As with any type of insurance through your super fund, there are factors worth considering. Let’s look at a few:
- Usually cheaper – Super funds purchase insurance policies in bulk, so they can offer better deals on premiums. This means that, even when money is tight, you can still get cover
- Easier to manage – Premiums are deducted automatically
- May not need a health check – Depending on the fund and the amount of cover you’re after
- Limited cover – Not all types of insurance, or levels of cover, are offered
- Not portable – If you move to another super fund or your employer's super contributions stop, your cover may stop without notice
- Ends around retirement age – Insurance coverage through super often ends when you reach a certain age (usually 65 or 70), while external policies may cover you for longer.
- Reduces your super balance – The cost of your insurance premiums are deducted from your super balance, reducing the money available for your retirement
- Added complexity – When you make a claim, you need to satisfy the trustee of the super fund as well as the fund’s insurer in order to receive a payout. In other words, the benefit is not paid directly to you, but to your fund, which then decides whether to release it to you.
You should compare the terms and conditions of the income protection policies on offer from your super fund with those available from outside insurers.
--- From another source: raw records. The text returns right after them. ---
(* Let $U,V\subset\mathcal{A}_0$ be compact sets such that $U^T$ and $V^T$ are complete. Then the following are equivalent: (a) $U^{**}=V^{**}$; (b) $U^T=V^T$; (c) $U^*=V^*$.
   Context: $D=\{z:|z|<1\}$, $\overline D$ its closure. $\mathcal{A}$ is the space of functions $f(z)=\sum_{k\ge0}a_k(f)z^k$ analytic in $D$, with the topology of locally uniform convergence; $\mathcal{A}_0=\{f\in\mathcal{A}: a_0(f)=1\}$. $\mathcal{A}(\overline D)$ is the set of functions analytic in some disk $\{|z|<R\}$ with $R>1$, and $\mathcal{A}_0(\overline D)=\{g\in\mathcal{A}(\overline D):a_0(g)=1\}$. The Hadamard product is $(f*g)(z)=\sum_{k\ge0}a_k(f)a_k(g)z^k$. For $V\subset\mathcal{A}_0$, $V^*=\{g\in\mathcal{A}_0:(f*g)(z)\ne0 \ \forall z\in D,\ \forall f\in V\}$, $V^{**}=(V^* )^*$, and $V^T=\{g\in\mathcal{A}_0(\overline D): (f*g)(1)\ne0 \ \forall f\in V\}$. For $x\in\overline D$, $(P_xf)(z)=f(xz)$; a set $W$ is complete if $P_xf\in W$ for all $f\in W$, $x\in\overline D$. *)

theory Defs
  imports "HOL-Complex_Analysis.Complex_Analysis"
begin

text \<open>Functions are represented as maps complex => complex; only their values on the
relevant disk matter.  The disk D is ball 0 1, its closure cball 0 1.\<close>

definition calA :: "(complex \<Rightarrow> complex) set" where
  "calA = {f. f holomorphic_on ball 0 1}"

definition calA0 :: "(complex \<Rightarrow> complex) set" where
  "calA0 = {f \<in> calA. f 0 = 1}"

definition coeff_a :: "nat \<Rightarrow> (complex \<Rightarrow> complex) \<Rightarrow> complex" where
  "coeff_a k f = (deriv ^^ k) f 0 / of_nat (fact k)"

definition calA_cl :: "(complex \<Rightarrow> complex) set" where
  "calA_cl = {g. \<exists>R>1. g holomorphic_on ball 0 R}"

definition calA0_cl :: "(complex \<Rightarrow> complex) set" where
  "calA0_cl = {g \<in> calA_cl. g 0 = 1}"

definition hadamard :: "(complex \<Rightarrow> complex) \<Rightarrow> (complex \<Rightarrow> complex) \<Rightarrow> complex \<Rightarrow> complex" where
  "hadamard f g = (\<lambda>z. \<Sum>k. coeff_a k f * coeff_a k g * z ^ k)"

definition dual :: "(complex \<Rightarrow> complex) set \<Rightarrow> (complex \<Rightarrow> complex) set" where
  "dual V = {g \<in> calA0. \<forall>f\<in>V. \<forall>z\<in>ball 0 1. hadamard f g z \<noteq> 0}"

definition dualT :: "(complex \<Rightarrow> complex) set \<Rightarrow> (complex \<Rightarrow> complex) set" where
  "dualT V = {g \<in> calA0_cl. \<forall>f\<in>V. hadamard f g 1 \<noteq> 0}"

definition Pop :: "complex \<Rightarrow> (complex \<Rightarrow> complex) \<Rightarrow> complex \<Rightarrow> complex" where
  "Pop x f = (\<lambda>z. f (x * z))"

definition complete_set :: "(complex \<Rightarrow> complex) set \<Rightarrow> bool" where
  "complete_set W \<longleftrightarrow> (\<forall>f\<in>W. \<forall>x\<in>cball 0 1. Pop x f \<in> W)"

definition lu_converges :: "(nat \<Rightarrow> complex \<Rightarrow> complex) \<Rightarrow> (complex \<Rightarrow> complex) \<Rightarrow> bool" where
  "lu_converges F g \<longleftrightarrow>
     (\<forall>K. compact K \<and> K \<subseteq> ball 0 1 \<longrightarrow> uniform_limit K F g sequentially)"

text \<open>Compactness in the (metrizable) topology of locally uniform convergence on D,
expressed as sequential compactness.\<close>
definition lu_compact :: "(complex \<Rightarrow> complex) set \<Rightarrow> bool" where
  "lu_compact U \<longleftrightarrow>
     (\<forall>F::nat \<Rightarrow> complex \<Rightarrow> complex. (\<forall>n. F n \<in> U) \<longrightarrow>
        (\<exists>(r::nat\<Rightarrow>nat) g. strict_mono r \<and> g \<in> U \<and> lu_converges (F \<circ> r) g))"

end

theory Submission
  imports Defs
begin

(* The equivalence of (a) and (c) holds for all subsets of calA0, because V*** = V*.
   Since (f * P_y g)(1) = (f * g)(y), a function g lies in U* exactly when P_y g lies in U^T
   for every |y| < 1, so (b) implies (c).
   For the converse take g in U^T. Completeness of U^T makes f * g zero-free on the closed unit
   disc for every f in U. The map (f, y) |-> (f * g)(y) is jointly continuous, so by compactness
   of U the product f * g stays zero-free on a disc of radius r > 1. Hence P_r g lies in U* = V*,
   and evaluating f * P_r g at 1/r gives (f * g)(1) <> 0 for every f in V. *)

lemma holomorphic_on_Pop:
  assumes "g holomorphic_on ball 0 \<rho>" and "\<And>z. z \<in> S \<Longrightarrow> norm (y * z) < \<rho>"
  shows "Pop y g holomorphic_on S"
proof -
  have "(g \<circ> (\<lambda>z. y * z)) holomorphic_on S"
    by (rule holomorphic_on_compose)
       (auto intro!: holomorphic_intros holomorphic_on_subset[OF assms(1)] simp: assms(2))
  then show ?thesis by (simp add: Pop_def o_def)
qed

lemma coeff_a_Pop:
  assumes "g holomorphic_on ball 0 \<rho>" and "0 < \<rho>"
  shows "coeff_a k (Pop y g) = y ^ k * coeff_a k g"
proof -
  have "open {w. norm (y * w) < \<rho>}"
    by (intro open_Collect_less continuous_intros)
  then have "(deriv ^^ k) (\<lambda>w. g (y * w)) 0 = y ^ k * (deriv ^^ k) g (y * 0)"
    by (rule higher_deriv_compose_linear[OF assms(1)]) (auto simp: assms(2))
  then show ?thesis by (simp add: coeff_a_def Pop_def)
qed

lemma hadamard_Pop:
  assumes "g holomorphic_on ball 0 \<rho>" and "0 < \<rho>"
  shows "hadamard f (Pop y g) z = hadamard f g (y * z)"
  unfolding hadamard_def coeff_a_Pop[OF assms] by (simp add: power_mult_distrib mult_ac)

lemma hadamard_commute: "hadamard f g = hadamard g f"
  unfolding hadamard_def by (simp add: mult_ac)

lemma Pop_in_calA0_cl:
  assumes "g \<in> calA0" and "norm y < 1"
  shows "Pop y g \<in> calA0_cl"
proof -
  define R where "R = 2 / (1 + norm y)"
  have "0 < 1 + norm y" by (simp add: add_pos_nonneg)
  then have "1 < R" and "norm y * R < 1" using assms(2) by (simp_all add: R_def field_simps)
  then have "norm (y * z) < 1" if "z \<in> ball 0 R" for z
    using that mult_left_mono[of "norm z" R "norm y"] by (simp add: norm_mult)
  then have "Pop y g holomorphic_on ball 0 R"
    using assms(1) by (intro holomorphic_on_Pop[of g 1]) (auto simp: calA0_def calA_def)
  with \<open>1 < R\<close> assms(1) show ?thesis
    by (auto simp: calA0_cl_def calA_cl_def calA0_def Pop_def)
qed

lemma dual_conv_dualT: "dual U = {g \<in> calA0. \<forall>y\<in>ball 0 1. Pop y g \<in> dualT U}"
proof -
  have "hadamard f (Pop y g) 1 = hadamard f g y" if "g \<in> calA0" for f g y
    using that hadamard_Pop[of g 1 f y 1] by (simp add: calA0_def calA_def)
  then show ?thesis
    by (auto simp: dual_def dualT_def Pop_in_calA0_cl)
qed

lemma subset_dual_dual: "X \<subseteq> calA0 \<Longrightarrow> X \<subseteq> dual (dual X)"
  by (auto simp: dual_def hadamard_commute)

lemma dual_antimono: "X \<subseteq> Y \<Longrightarrow> dual Y \<subseteq> dual X"
  by (auto simp: dual_def)

lemma dual_dual_dual: "X \<subseteq> calA0 \<Longrightarrow> dual (dual (dual X)) = dual X"
proof
  assume "X \<subseteq> calA0"
  then show "dual (dual (dual X)) \<subseteq> dual X" by (intro dual_antimono subset_dual_dual)
  show "dual X \<subseteq> dual (dual (dual X))" by (rule subset_dual_dual) (auto simp: dual_def)
qed

lemma norm_coeff_a_le:
  assumes f: "f holomorphic_on ball 0 R" and s: "0 < s" "s < R"
    and B: "\<And>z. norm z = s \<Longrightarrow> norm (f z) \<le> B"
  shows "norm (coeff_a k f) \<le> B / s ^ k"
proof -
  have "f holomorphic_on ball 0 s" using s by (intro holomorphic_on_subset[OF f]) auto
  moreover have "continuous_on (cball 0 s) f"
    using s by (intro continuous_on_subset[OF holomorphic_on_imp_continuous_on[OF f]]) auto
  ultimately have "norm ((deriv ^^ k) f 0) \<le> fact k * B / s ^ k"
    using B by (intro Cauchy_inequality[OF _ _ s(1)]) auto
  then show ?thesis by (simp add: coeff_a_def norm_divide field_simps)
qed

lemma holomorphic_bounded_on_sphere:
  assumes "f holomorphic_on ball 0 R" and "s < R"
  obtains B where "\<And>z. norm z = s \<Longrightarrow> norm (f z) \<le> B"
proof -
  have "continuous_on (sphere 0 s) f"
    using assms by (intro continuous_on_subset[OF holomorphic_on_imp_continuous_on]) auto
  then have "bounded (f ` sphere 0 s)" by (intro compact_imp_bounded compact_continuous_image) auto
  then show ?thesis using that by (force simp: bounded_iff)
qed

(* For |w| <= t < R the Cauchy inequalities on circles of radii s < 1 and rho < R dominate the
   terms of the Hadamard series by a geometric series of ratio t / (s rho) < 1. *)
lemma hadamard_series_estimate:
  assumes g: "g holomorphic_on ball 0 R" and t: "0 \<le> t" "t < R"
  obtains s C where "0 < s" "s < 1" "0 \<le> C"
    and "\<And>h w. h holomorphic_on ball 0 1 \<Longrightarrow> norm w \<le> t \<Longrightarrow>
           summable (\<lambda>k. norm (coeff_a k h * coeff_a k g * w ^ k))"
    and "\<And>h B w. h holomorphic_on ball 0 1 \<Longrightarrow> (\<forall>z\<in>sphere 0 s. norm (h z) \<le> B) \<Longrightarrow>
           norm w \<le> t \<Longrightarrow> norm (hadamard h g w) \<le> B * C"
proof -
  define \<rho> where "\<rho> = (t + R) / 2"
  define s where "s = (1 + t / \<rho>) / 2"
  define q where "q = t / (s * \<rho>)"
  have \<rho>: "t < \<rho>" "\<rho> < R" "0 < \<rho>" using t by (auto simp: \<rho>_def)
  have s: "0 < s" "s < 1" using t \<rho> by (auto simp: s_def field_simps)
  have "s * \<rho> = (\<rho> + t) / 2" using \<rho> by (simp add: s_def field_simps)
  then have q: "0 \<le> q" "q < 1" using t \<rho> by (auto simp: q_def)
  obtain Bg where Bg: "\<And>z. norm z = \<rho> \<Longrightarrow> norm (g z) \<le> Bg"
    using holomorphic_bounded_on_sphere[OF g \<rho>(2)] by blast
  have "0 \<le> Bg" using Bg[of "of_real \<rho>"] \<rho>(3) by (simp add: order_trans[OF norm_ge_zero])
  define C where "C = Bg / (1 - q)"
  show ?thesis
  proof (rule that[OF s, of C])
    show "0 \<le> C" using \<open>0 \<le> Bg\<close> q by (simp add: C_def)
    have dominated: "norm (coeff_a k h * coeff_a k g * w ^ k) \<le> B * Bg * q ^ k"
      if h: "h holomorphic_on ball 0 1" and B: "\<And>z. norm z = s \<Longrightarrow> norm (h z) \<le> B"
        and w: "norm w \<le> t" for h B k and w :: complex
    proof -
      have a: "norm (coeff_a k h) \<le> B / s ^ k" by (rule norm_coeff_a_le[OF h s B])
      have b: "norm (coeff_a k g) \<le> Bg / \<rho> ^ k" by (rule norm_coeff_a_le[OF g \<rho>(3,2) Bg])
      have "norm (coeff_a k h * coeff_a k g * w ^ k) \<le> (B / s ^ k) * (Bg / \<rho> ^ k) * t ^ k"
        unfolding norm_mult norm_power
        by (intro mult_mono a b power_mono w order_trans[OF norm_ge_zero a] mult_nonneg_nonneg
            order_trans[OF norm_ge_zero b]) auto
      also have "\<dots> = B * Bg * q ^ k" by (simp add: q_def power_divide power_mult_distrib)
      finally show ?thesis .
    qed
    have geom: "summable (\<lambda>k. B * Bg * q ^ k)" for B
      using q by (intro summable_mult summable_geometric) auto
    show "summable (\<lambda>k. norm (coeff_a k h * coeff_a k g * w ^ k))"
      if h: "h holomorphic_on ball 0 1" and w: "norm w \<le> t" for h and w :: complex
    proof -
      obtain B where B: "\<And>z. norm z = s \<Longrightarrow> norm (h z) \<le> B"
        using holomorphic_bounded_on_sphere[OF h s(2)] by blast
      show ?thesis
        by (rule summable_comparison_test[OF _ geom]) (use dominated[OF h B w] in auto)
    qed
    show "norm (hadamard h g w) \<le> B * C"
      if h: "h holomorphic_on ball 0 1" and B: "\<forall>z\<in>sphere 0 s. norm (h z) \<le> B"
        and w: "norm w \<le> t" for h B and w :: complex
    proof -
      from B have B: "\<And>z. norm z = s \<Longrightarrow> norm (h z) \<le> B" by simp
      have "norm (hadamard h g w) \<le> (\<Sum>k. B * Bg * q ^ k)"
        unfolding hadamard_def by (rule norm_suminf_le[OF dominated[OF h B w] geom])
      also have "\<dots> = B * C" using q by (simp add: suminf_mult suminf_geometric C_def)
      finally show ?thesis .
    qed
  qed
qed

lemma coeff_a_diff:
  assumes "a holomorphic_on ball 0 1" and "b holomorphic_on ball 0 1"
  shows "coeff_a k (\<lambda>z. a z - b z) = coeff_a k a - coeff_a k b"
  using higher_deriv_diff[OF assms, of 0 k] by (simp add: coeff_a_def diff_divide_distrib)

lemma hadamard_diff:
  assumes "a holomorphic_on ball 0 1" and "b holomorphic_on ball 0 1"
    and "summable (\<lambda>k. norm (coeff_a k a * coeff_a k g * w ^ k))"
    and "summable (\<lambda>k. norm (coeff_a k b * coeff_a k g * w ^ k))"
  shows "hadamard (\<lambda>z. a z - b z) g w = hadamard a g w - hadamard b g w"
  using suminf_diff[OF summable_norm_cancel[OF assms(3)] summable_norm_cancel[OF assms(4)]]
  by (simp add: hadamard_def coeff_a_diff[OF assms(1,2)] algebra_simps)

lemma isCont_hadamard:
  assumes f: "f holomorphic_on ball 0 1" and g: "g holomorphic_on ball 0 R" and y: "norm y < R"
  shows "isCont (hadamard f g) y"
proof -
  obtain t where t: "norm y < t" "t < R" using dense[OF y] by blast
  have "0 \<le> t" using t(1) norm_ge_zero[of y] by linarith
  obtain s C where "0 < s" "s < 1" "0 \<le> C"
    and sum: "\<And>h w. h holomorphic_on ball 0 1 \<Longrightarrow> norm w \<le> t \<Longrightarrow>
      summable (\<lambda>k. norm (coeff_a k h * coeff_a k g * w ^ k))"
    and "\<And>h B w. h holomorphic_on ball 0 1 \<Longrightarrow> (\<forall>z\<in>sphere 0 s. norm (h z) \<le> B) \<Longrightarrow>
      norm w \<le> t \<Longrightarrow> norm (hadamard h g w) \<le> B * C"
    by (rule hadamard_series_estimate[OF g \<open>0 \<le> t\<close> t(2)]) (rule that)
  have "summable (\<lambda>k. norm (coeff_a k f * coeff_a k g * of_real t ^ k))"
    by (rule sum[OF f]) (simp add: \<open>0 \<le> t\<close>)
  then have "isCont (\<lambda>w. \<Sum>k. coeff_a k f * coeff_a k g * w ^ k) y"
    by (rule isCont_powser[OF summable_norm_cancel]) (use t(1) \<open>0 \<le> t\<close> in simp)
  then show ?thesis by (simp add: hadamard_def)
qed

lemma lu_converges_subseq:
  "lu_converges F f \<Longrightarrow> strict_mono r \<Longrightarrow> lu_converges (F \<circ> r) f"
  unfolding lu_converges_def o_def by (blast intro: filterlim_compose[OF _ filterlim_subseq])
lemma upper_row_lower_block_disjoint: "upper_row \<inter> lower_block = {}"
proof -
  have "k \<notin> upper_row" if "k \<in> lower_block" for k
    using lower_block_row(2)[OF that] by (simp add: upper_row_def)
  then show ?thesis by blast
qed

lemma finite_upper_row: "finite upper_row"
  unfolding upper_row_def by (rule finite_subset[of _ "{1..n}"]) auto

lemma finite_lower_block: "finite lower_block"
  unfolding lower_block_def by (intro finite_imageI finite_cartesian_product) simp_all

lemma card_lower_block: "card lower_block = j"
proof -
  have "card lower_block = card ({Suc i} \<times> {1..j})"
    unfolding lower_block_def
    by (rule card_image[OF inj_on_subset[OF inj_on_cells lower_block_cells_subset]])
  then show ?thesis by (simp add: card_cartesian_product)
qed

lemma row_group_column_collision:
  assumes r: "r \<in> row_group n lam S" and y: "y \<in> lower_block"
  shows "\<exists>x\<in>upper_row. col_of (r x) = col_of (r y)"
proof -
  have r_perm: "r permutes {1..n}" and r_row: "\<forall>k\<in>{1..n}. row_of (r k) = row_of k"
    using r by (auto simp: row_group_eq fiber_preserving_perms_def)
  have y': "y \<in> {1..n}" "row_of y = Suc i" using lower_block_row[OF y] by auto
  have ry: "r y \<in> {1..n}" using permutes_in_image[OF r_perm] y'(1) by blast
  obtain c where c: "cell_of (r y) = (Suc i, c)"
    using r_row y' ry by (metis prod.collapse row_of_def)
  have "(Suc i, c) \<in> cells lam" using cell_of_in_cells[OF ry] c by simp
  then have "(i, c) \<in> cells lam" using row_length_antimono i by (auto simp: cells_def)
  define x where "x = inv r (S (i, c))"
  have Sic: "S (i, c) \<in> {1..n}" using apply_in_range[OF \<open>(i, c) \<in> cells lam\<close>] .
  have rx: "r x = S (i, c)" using permutes_inverses(1)[OF r_perm] by (simp add: x_def)
  have x_range: "x \<in> {1..n}"
    using permutes_in_image[OF permutes_inv[OF r_perm]] Sic by (simp add: x_def)
  have "row_of x = i"
    using r_row x_range rx \<open>(i, c) \<in> cells lam\<close> by (metis cell_of_apply fst_conv row_of_def)
  with x_range have "x \<in> upper_row" by (simp add: upper_row_def)
  moreover have "col_of (r x) = col_of (r y)"
    using rx c \<open>(i, c) \<in> cells lam\<close> by (simp add: col_of_def)
  ultimately show ?thesis by blast
qed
If you decide to obtain income protection insure, make sure you review your policy from time to time, to ensure that your premiums are competitively priced and that the cover you have is still appropriate. For example, you may want to increase your cover if:
- You’re going to become a parent
- Your partner stops working
- You’re taking out a new mortgage
On the other hand, you might be in a position to decrease your level of cover if you start a new job and it comes with increased sick pay.